Александра убеждает своего супруга в верности и ожидании его: «Я жду тебя, родной, жду каждый день. Сначала даже казалось, что вернешься… уже это глупость. Позднее рассчитывала, что заедешь по пути в часть. Но – все напрасно. Тебя нет. И все равно жду, жду вопреки рассудку. Знаю, что сейчас ты далеко от нас, но в то же время кажется, что где-то здесь, совсем близко. Это, наверное, потому, что все время думаю о тебе. Данек, напиши папе, он написал мне: «…меня очень беспокоит то, что моя милая доченька, которая не видела и не знала своей веселой жизни, решила сделать такой серьезный шаг в новую жизнь. Мне очень жаль ее». Я ему написала подробно обо всем. Он отвечает: «Ну что же, пришли твои лета такие. Но если будет хороший твой муж, то, конечно, это после войны, жизнь может протекать радостно и весело. Сейчас же желаю от всего сердца хорошей, счастливой, семейной жизни, любить и уважать друг друга. Передай привет Д.Г. от вашего папы. Желаю ему счастья в его воинской жизни и скорой победы над врагом…».
Каждое письмо Сашеньки наполнено любовью, в каждом она напоминает о своем ожидании, описывает окрестности деревни: «20.07.44 г. …А погода, Даня! Какая чудная погода, родной, стоит сейчас! Жара неимоверная, зато и грозы. Как будто наступает библей-ский «конец света»: ветер даже свистит, деревья гнутся чуть ни до земли, дождь – ливень, небо черное-черное, лишь изредка освещает молния да грохочет гром. И страшно, и красиво! А бабоньки сидят по углам, крестятся, вспоминают грехи, просят прощенья. Чуть потише станет, подальше уйдет «страсть господня» – смотришь, опять собрались вместе «грешить». Смех, да и только! И все это от чистого сердца, с искренней душой!..»
«30.07.44. Не могу, родненький, не могу я тебе не писать. И так целую неделю буквально терпела, хотя с великим трудом.
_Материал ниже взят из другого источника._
(* Let $D$ be an Eulerian digraph (finite, without loops, parallel arcs or digons) which admits a simple dicycle intersection graph, i.e. $D$ has a cycle decomposition $\mathcal{F}(D)$ in which any two distinct dicycles share at most one vertex. Then every vertex of $D$ is a Seymour vertex: $|N^{+2}(v)|\geq |N^{+}(v)|$ for all $v\in V(D)$, i.e. $SV(D)=V(D)$.
   Context: All digraphs are finite, with no loops, no parallel arcs and no digons (a digon is a pair of arcs $u\to w$, $w\to u$); in particular every dicycle has length at least $3$. For a vertex $v$, $N^{+}(v)$ is the set of out-neighbours of $v$, and $N^{+2}(v)$ is the second out-neighbourhood: the set of vertices $w\notin N^{+}(v)\cup\{v\}$ such that $u\to w$ is an arc for some $u\in N^{+}(v)$ (vertices at directed distance exactly $2$ from $v$). A vertex $v$ with $|N^{+2}(v)|\ge |N^{+}(v)|$ is a Seymour vertex, and $SV(D)$ denotes the set of Seymour vertices of $D$. An Eulerian digraph is a (weakly) connected digraph having a closed directed trail using every arc exactly once; equivalently a connected digraph with $d^{+}(v)=d^{-}(v)$ for all $v$. A cycle decomposition $\mathcal{F}(D)$ is a set of dicycles of $D$ whose arc sets partition $A(D)$. The dicycle intersection graph $CI(D)$ associated with $\mathcal{F}(D)$ is the multigraph with vertex set $\mathcal{F}(D)$ having, for each pair of distinct dicycles $C,C'\in\mathcal{F}(D)$ and each vertex of $D$ lying on both $C$ and $C'$, one edge between $C$ and $C'$. $D$ admits a simple dicycle intersection graph if for some cycle decomposition this multigraph has no parallel edges. *)

theory Defs
  imports Main
begin

text \<open>A digraph is given by a vertex set V and an arc set A (a set of ordered
pairs, so parallel arcs are impossible).\<close>

definition digraph :: "'a set \<Rightarrow> ('a \<times> 'a) set \<Rightarrow> bool" where
  "digraph V A \<longleftrightarrow> finite V \<and> A \<subseteq> V \<times> V
     \<and> (\<forall>v. (v, v) \<notin> A)
     \<and> (\<forall>u w. (u, w) \<in> A \<longrightarrow> (w, u) \<notin> A)"

definition out_nbrs :: "('a \<times> 'a) set \<Rightarrow> 'a \<Rightarrow> 'a set" where
  "out_nbrs A v = {w. (v, w) \<in> A}"

definition second_out_nbrs :: "('a \<times> 'a) set \<Rightarrow> 'a \<Rightarrow> 'a set" where
  "second_out_nbrs A v =
     {w. w \<notin> out_nbrs A v \<and> w \<noteq> v \<and> (\<exists>u \<in> out_nbrs A v. (u, w) \<in> A)}"

definition seymour_vertex :: "('a \<times> 'a) set \<Rightarrow> 'a \<Rightarrow> bool" where
  "seymour_vertex A v \<longleftrightarrow> card (second_out_nbrs A v) \<ge> card (out_nbrs A v)"

definition weakly_connected :: "'a set \<Rightarrow> ('a \<times> 'a) set \<Rightarrow> bool" where
  "weakly_connected V A \<longleftrightarrow> (\<forall>u \<in> V. \<forall>v \<in> V. (u, v) \<in> (A \<union> A\<inverse>)\<^sup>*)"

definition closed_euler_trail :: "('a \<times> 'a) set \<Rightarrow> ('a \<times> 'a) list \<Rightarrow> bool" where
  "closed_euler_trail A es \<longleftrightarrow> distinct es \<and> set es = A
     \<and> (\<forall>i < length es. snd (es ! i) = fst (es ! ((i + 1) mod length es)))"

definition eulerian :: "'a set \<Rightarrow> ('a \<times> 'a) set \<Rightarrow> bool" where
  "eulerian V A \<longleftrightarrow> digraph V A \<and> weakly_connected V A \<and> (\<exists>es. closed_euler_trail A es)"

definition cycle_arcs :: "'a list \<Rightarrow> ('a \<times> 'a) set" where
  "cycle_arcs cs = {(cs ! i, cs ! ((i + 1) mod length cs)) | i. i < length cs}"

definition dicycle :: "('a \<times> 'a) set \<Rightarrow> ('a \<times> 'a) set \<Rightarrow> bool" where
  "dicycle A C \<longleftrightarrow> (\<exists>cs. distinct cs \<and> length cs \<ge> 3 \<and> C = cycle_arcs cs \<and> C \<subseteq> A)"

definition cycle_verts :: "('a \<times> 'a) set \<Rightarrow> 'a set" where
  "cycle_verts C = fst ` C"

definition cycle_decomposition :: "('a \<times> 'a) set \<Rightarrow> ('a \<times> 'a) set set \<Rightarrow> bool" where
  "cycle_decomposition A F \<longleftrightarrow> (\<forall>C \<in> F. dicycle A C) \<and> \<Union>F = A
     \<and> (\<forall>C \<in> F. \<forall>C' \<in> F. C \<noteq> C' \<longrightarrow> C \<inter> C' = {})"

text \<open>The dicycle intersection graph has one edge between C and C' per common
vertex; it is simple iff distinct dicycles share at most one vertex.\<close>
definition simple_intersection :: "('a \<times> 'a) set set \<Rightarrow> bool" where
  "simple_intersection F \<longleftrightarrow>
     (\<forall>C \<in> F. \<forall>C' \<in> F. C \<noteq> C' \<longrightarrow> card (cycle_verts C \<inter> cycle_verts C') \<le> 1)"

definition admits_simple_CI :: "('a \<times> 'a) set \<Rightarrow> bool" where
  "admits_simple_CI A \<longleftrightarrow> (\<exists>F. cycle_decomposition A F \<and> simple_intersection F)"

end

theory Submission
  imports Defs
begin

text \<open>For an out-neighbour w of v, follow the dicycle of the decomposition through
the arc (v,w) one step further to a vertex x. Since x \<noteq> v, and a chord (v,x)
would lie on a second dicycle meeting the first in v and x, x is a second
out-neighbour of v. Two out-neighbours w, w' with the same x would likewise give two
dicycles sharing v and x, or two successors of v on one dicycle. So w \<mapsto> x
injects the out-neighbourhood of v into its second out-neighbourhood.\<close>

lemma cycle_arcs_memE:
  assumes "(a, b) \<in> cycle_arcs cs"
  obtains i where "i < length cs" "a = cs ! i" "b = cs ! ((i + 1) mod length cs)"
  using assms unfolding cycle_arcs_def by blast

lemma cycle_arcs_nth:
  "i < length cs \<Longrightarrow> (cs ! i, cs ! ((i + 1) mod length cs)) \<in> cycle_arcs cs"
  unfolding cycle_arcs_def by blast

lemma cycle_verts_cycle_arcs: "cycle_verts (cycle_arcs cs) = set cs"
proof -
  have "fst ` cycle_arcs cs = (\<lambda>i. cs ! i) ` {..<length cs}"
    unfolding cycle_arcs_def by force
  also have "\<dots> = set cs" by (auto simp: in_set_conv_nth)
  finally show ?thesis unfolding cycle_verts_def .
qed

lemma cycle_arcs_snd_in_set: "(a, b) \<in> cycle_arcs cs \<Longrightarrow> b \<in> set cs"
  by (erule cycle_arcs_memE) (metis length_pos_if_in_set mod_less_divisor nth_mem)

lemma cycle_arcs_succ_unique:
  assumes "distinct cs" "(a, b) \<in> cycle_arcs cs" "(a, c) \<in> cycle_arcs cs"
  shows "b = c"
  using assms(2,3) by (elim cycle_arcs_memE) (metis assms(1) nth_eq_iff_index_eq)

lemma cycle_arcs_irrefl:
  assumes "distinct cs" "length cs \<ge> 2"
  shows "(a, a) \<notin> cycle_arcs cs"
proof
  assume "(a, a) \<in> cycle_arcs cs"
  then obtain i where i: "i < length cs" "cs ! i = cs ! ((i + 1) mod length cs)"
    by (elim cycle_arcs_memE) simp
  moreover have "(i + 1) mod length cs < length cs" using assms(2) by (intro mod_less_divisor) linarith
  ultimately have "i = (i + 1) mod length cs"
    using assms(1) by (simp add: nth_eq_iff_index_eq)
  thus False using i(1) assms(2)
    by (cases "i + 1 < length cs") (auto simp: le_mod_geq)
qed

lemma cycle_arcs_next_not_prev:
  assumes "distinct cs" "length cs \<ge> 3" "(v, w) \<in> cycle_arcs cs"
  shows "\<exists>x. (w, x) \<in> cycle_arcs cs \<and> x \<noteq> v"
proof -
  let ?n = "length cs"
  obtain i where i: "i < ?n" "v = cs ! i" "w = cs ! ((i + 1) mod ?n)"
    using assms(3) by (rule cycle_arcs_memE)
  let ?k = "(i + 1) mod ?n"
  have "?k < ?n" using assms(2) by (intro mod_less_divisor) linarith
  from cycle_arcs_nth[OF this] have next_arc: "(w, cs ! ((?k + 1) mod ?n)) \<in> cycle_arcs cs"
    using i(3) by simp
  have "(?k + 1) mod ?n = (i + 2) mod ?n" by (simp add: mod_Suc_eq)
  moreover have "(i + 2) mod ?n \<noteq> i"
    using i(1) assms(2) by (cases "i + 2 < ?n") (auto simp: le_mod_geq)
  moreover have "(i + 2) mod ?n < ?n" using assms(2) by (intro mod_less_divisor) linarith
  ultimately have "cs ! ((?k + 1) mod ?n) \<noteq> v"
    using i assms(1) by (simp add: nth_eq_iff_index_eq)
  thus ?thesis using next_arc by blast
qed

lemma dicycle_arc_verts:
  assumes "dicycle A C" "(a, b) \<in> C"
  shows "a \<in> cycle_verts C" "b \<in> cycle_verts C"
proof -
  show "a \<in> cycle_verts C" using assms(2) unfolding cycle_verts_def by force
  obtain cs where "C = cycle_arcs cs" using assms(1) unfolding dicycle_def by blast
  thus "b \<in> cycle_verts C"
    using assms(2) cycle_arcs_snd_in_set[of a b cs] by (simp add: cycle_verts_cycle_arcs)
qed

lemma finite_cycle_verts:
  assumes "dicycle A C" shows "finite (cycle_verts C)"
proof -
  obtain cs where "C = cycle_arcs cs" using assms unfolding dicycle_def by blast
  thus ?thesis by (simp add: cycle_verts_cycle_arcs)
qed

lemma dicycle_succ_unique:
  assumes "dicycle A C" "(a, b) \<in> C" "(a, c) \<in> C" shows "b = c"
proof -
  obtain cs where "distinct cs" "C = cycle_arcs cs" using assms(1) unfolding dicycle_def by blast
  thus ?thesis using assms(2,3) cycle_arcs_succ_unique by metis
qed

lemma dicycle_irrefl:
  assumes "dicycle A C" shows "(a, a) \<notin> C"
proof -
  obtain cs where "distinct cs" "length cs \<ge> 3" "C = cycle_arcs cs"
    using assms unfolding dicycle_def by blast
  thus ?thesis using cycle_arcs_irrefl[of cs a] by simp
qed

lemma dicycle_next_not_prev:
  assumes "dicycle A C" "(v, w) \<in> C" shows "\<exists>x. (w, x) \<in> C \<and> x \<noteq> v"
proof -
  obtain cs where "distinct cs" "length cs \<ge> 3" "C = cycle_arcs cs"
    using assms(1) unfolding dicycle_def by blast
  thus ?thesis using assms(2) cycle_arcs_next_not_prev[of cs v w] by simp
qed

lemma cycle_decomposition_dicycle:
  "cycle_decomposition A F \<Longrightarrow> C \<in> F \<Longrightarrow> dicycle A C"
  unfolding cycle_decomposition_def by blast

lemma cycle_decomposition_covers:
  "cycle_decomposition A F \<Longrightarrow> e \<in> A \<Longrightarrow> \<exists>C \<in> F. e \<in> C"
  unfolding cycle_decomposition_def by blast

lemma simple_intersection_common_verts_eq:
  assumes "cycle_decomposition A F" "simple_intersection F"
    and "C \<in> F" "C' \<in> F" "C \<noteq> C'"
    and "a \<in> cycle_verts C \<inter> cycle_verts C'" "b \<in> cycle_verts C \<inter> cycle_verts C'"
  shows "a = b"
proof (rule ccontr)
  assume "a \<noteq> b"
  have "finite (cycle_verts C \<inter> cycle_verts C')"
    using assms(1,3) cycle_decomposition_dicycle finite_cycle_verts by blast
  hence "card {a, b} \<le> card (cycle_verts C \<inter> cycle_verts C')"
    using assms(6,7) by (intro card_mono) auto
  moreover have "card (cycle_verts C \<inter> cycle_verts C') \<le> 1"
    using assms(2-5) unfolding simple_intersection_def by blast
  ultimately show False using \<open>a \<noteq> b\<close> by simp
qed

lemma simple_decomposition_two_step_not_arc:
  assumes decomp: "cycle_decomposition A F" and simple: "simple_intersection F"
    and C: "C \<in> F" "(v, w) \<in> C" "(w, x) \<in> C" and "x \<noteq> v"
  shows "(v, x) \<notin> A"
proof
  assume "(v, x) \<in> A"
  then obtain C' where C': "C' \<in> F" "(v, x) \<in> C'"
    using decomp cycle_decomposition_covers by blast
  have "dicycle A C" "dicycle A C'" using C(1) C'(1) decomp cycle_decomposition_dicycle by auto
  show False
  proof (cases "C' = C")
    case True
    hence "w = x" using dicycle_succ_unique[OF \<open>dicycle A C\<close> C(2)] C'(2) by blast
    thus False using dicycle_irrefl[OF \<open>dicycle A C\<close>] C(3) by blast
  next
    case False
    have "v \<in> cycle_verts C \<inter> cycle_verts C'" "x \<in> cycle_verts C \<inter> cycle_verts C'"
      using dicycle_arc_verts[OF \<open>dicycle A C\<close> C(2)] dicycle_arc_verts[OF \<open>dicycle A C\<close> C(3)]
        dicycle_arc_verts[OF \<open>dicycle A C'\<close> C'(2)] by blast+
    from simple_intersection_common_verts_eq[OF decomp simple C(1) C'(1) False[symmetric] this]
    show False using \<open>x \<noteq> v\<close> by simp
  qed
qed

lemma simple_decomposition_two_step_unique:
  assumes decomp: "cycle_decomposition A F" and simple: "simple_intersection F"
    and C1: "C1 \<in> F" "(v, w1) \<in> C1" "(w1, x) \<in> C1"
    and C2: "C2 \<in> F" "(v, w2) \<in> C2" "(w2, x) \<in> C2"
    and "x \<noteq> v"
  shows "w1 = w2"
proof -
  have dicycles: "dicycle A C1" "dicycle A C2"
    using C1(1) C2(1) decomp cycle_decomposition_dicycle by auto
  show ?thesis
  proof (cases "C1 = C2")
    case True
    with dicycle_succ_unique[OF dicycles(1) C1(2)] C2(2) show ?thesis by simp
  next
    case False
    have "v \<in> cycle_verts C1 \<inter> cycle_verts C2" "x \<in> cycle_verts C1 \<inter> cycle_verts C2"
      using dicycle_arc_verts[OF dicycles(1) C1(2)] dicycle_arc_verts[OF dicycles(1) C1(3)]
        dicycle_arc_verts[OF dicycles(2) C2(2)] dicycle_arc_verts[OF dicycles(2) C2(3)]
      by simp_all
    from simple_intersection_common_verts_eq[OF decomp simple C1(1) C2(1) False this]
    show ?thesis using \<open>x \<noteq> v\<close> by simp
  qed
qed

lemma seymour_vertex_if_simple_decomposition:
  assumes "finite A" and decomp: "cycle_decomposition A F" and simple: "simple_intersection F"
  shows "seymour_vertex A v"
proof -
  have "\<exists>x. \<exists>C \<in> F. (v, w) \<in> C \<and> (w, x) \<in> C \<and> x \<noteq> v" if "w \<in> out_nbrs A v" for w
  proof -
    have "(v, w) \<in> A" using that unfolding out_nbrs_def by simp
    then obtain C where C: "C \<in> F" "(v, w) \<in> C"
      using cycle_decomposition_covers[OF decomp] by blast
    with dicycle_next_not_prev[OF cycle_decomposition_dicycle[OF decomp C(1)] C(2)]
    show ?thesis by blast
  qed
  then obtain f where f: "\<And>w. w \<in> out_nbrs A v \<Longrightarrow>
      \<exists>C \<in> F. (v, w) \<in> C \<and> (w, f w) \<in> C \<and> f w \<noteq> v"
    by metis
  have "inj_on f (out_nbrs A v)"
  proof (rule inj_onI)
    fix w1 w2 assume "w1 \<in> out_nbrs A v" "w2 \<in> out_nbrs A v" "f w1 = f w2"
    with f obtain C1 C2 where "C1 \<in> F" "(v, w1) \<in> C1" "(w1, f w1) \<in> C1"
      and "C2 \<in> F" "(v, w2) \<in> C2" "(w2, f w1) \<in> C2" "f w1 \<noteq> v"
      by metis
    thus "w1 = w2" by (rule simple_decomposition_two_step_unique[OF decomp simple])
  qed
  moreover have "f ` out_nbrs A v \<subseteq> second_out_nbrs A v"
  proof
    fix x assume "x \<in> f ` out_nbrs A v"
    then obtain w C where C: "w \<in> out_nbrs A v" "C \<in> F" "(v, w) \<in> C" "(w, x) \<in> C" "x \<noteq> v"
      using f by blast
    have "(w, x) \<in> A" using C(2,4) decomp unfolding cycle_decomposition_def by blast
    moreover have "(v, x) \<notin> A"
      using simple_decomposition_two_step_not_arc[OF decomp simple C(2-5)] .
    ultimately show "x \<in> second_out_nbrs A v"
      using C(1,5) unfolding second_out_nbrs_def out_nbrs_def by blast
  qed
  moreover have "finite (second_out_nbrs A v)"
  proof (rule finite_subset)
    show "second_out_nbrs A v \<subseteq> snd ` A"
      unfolding second_out_nbrs_def out_nbrs_def by force
  qed (use \<open>finite A\<close> in simp)
  ultimately show ?thesis
    unfolding seymour_vertex_def by (rule card_inj_on_le)
qed

theorem theorem2p1:
  fixes V :: "'a set" and A :: "('a \<times> 'a) set"
  assumes "eulerian V A"
    and "admits_simple_CI A"
  shows "\<forall>v \<in> V. seymour_vertex A v"
proof
  fix v
  have "finite V" "A \<subseteq> V \<times> V"
    using assms(1) unfolding eulerian_def digraph_def by simp_all
  hence "finite A" by (meson finite_SigmaI finite_subset)
  moreover obtain F where "cycle_decomposition A F" "simple_intersection F"
    using assms(2) unfolding admits_simple_CI_def by blast
  ultimately show "seymour_vertex A v" by (rule seymour_vertex_if_simple_decomposition)
qed

end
Вчера вернулась из Тифино. Шла через Макарихино и дальней – нашей дорогой. Знаешь, Данюша, его совершенно не узнать: деревья срублены, трава высокая-высокая, стоят одни лишь горелые пни, сосны той тоже нет. Сколько воспоминаний вызывает этот лес, мостик, наш прощальный. Каждый шаг, милый, по этой дороге, где я шла одна, мучительно отзывался в сердце. Все напоминает о тебе, я почти что осязаю тебя, почти наяву вижу тебя, вечно в движении, с улыбкой на губах…»
Почтовая карточка, отправленная Сашей, вернулась с пометкой «адресат выбыл 2.8.44». Ответ Главного управления кадрами на запрос о розыске Чечика Д.Е. от 6.10.44.: «Сделан запрос в воинскую часть, откуда получите ответ». Вероятно, Давид погиб или пропал без вести, т.к. впоследствии родственники получили назад часть писем, которые были возвращены семье Лабазиных.
Забрала война страшную дань – жизни молодых, полных желаний людей. Остались документы и письма – свидетельства чистого чувства юноши и девушки, написанные карандашом и чернилами на немецких бланках, обрывках карты учебника и нескольких листках ученической тетради, мелким и убористым подчерком Александры и размашистым – Давида. Письма, передающие эмоции и подробности жизни в уже далекое от нас время, сохраняя память об ушедших, давая возможность ныне живущим задуматься о быстротечности жизни и в том ее ценности.
М. Пахоменкова, заведующая музеем.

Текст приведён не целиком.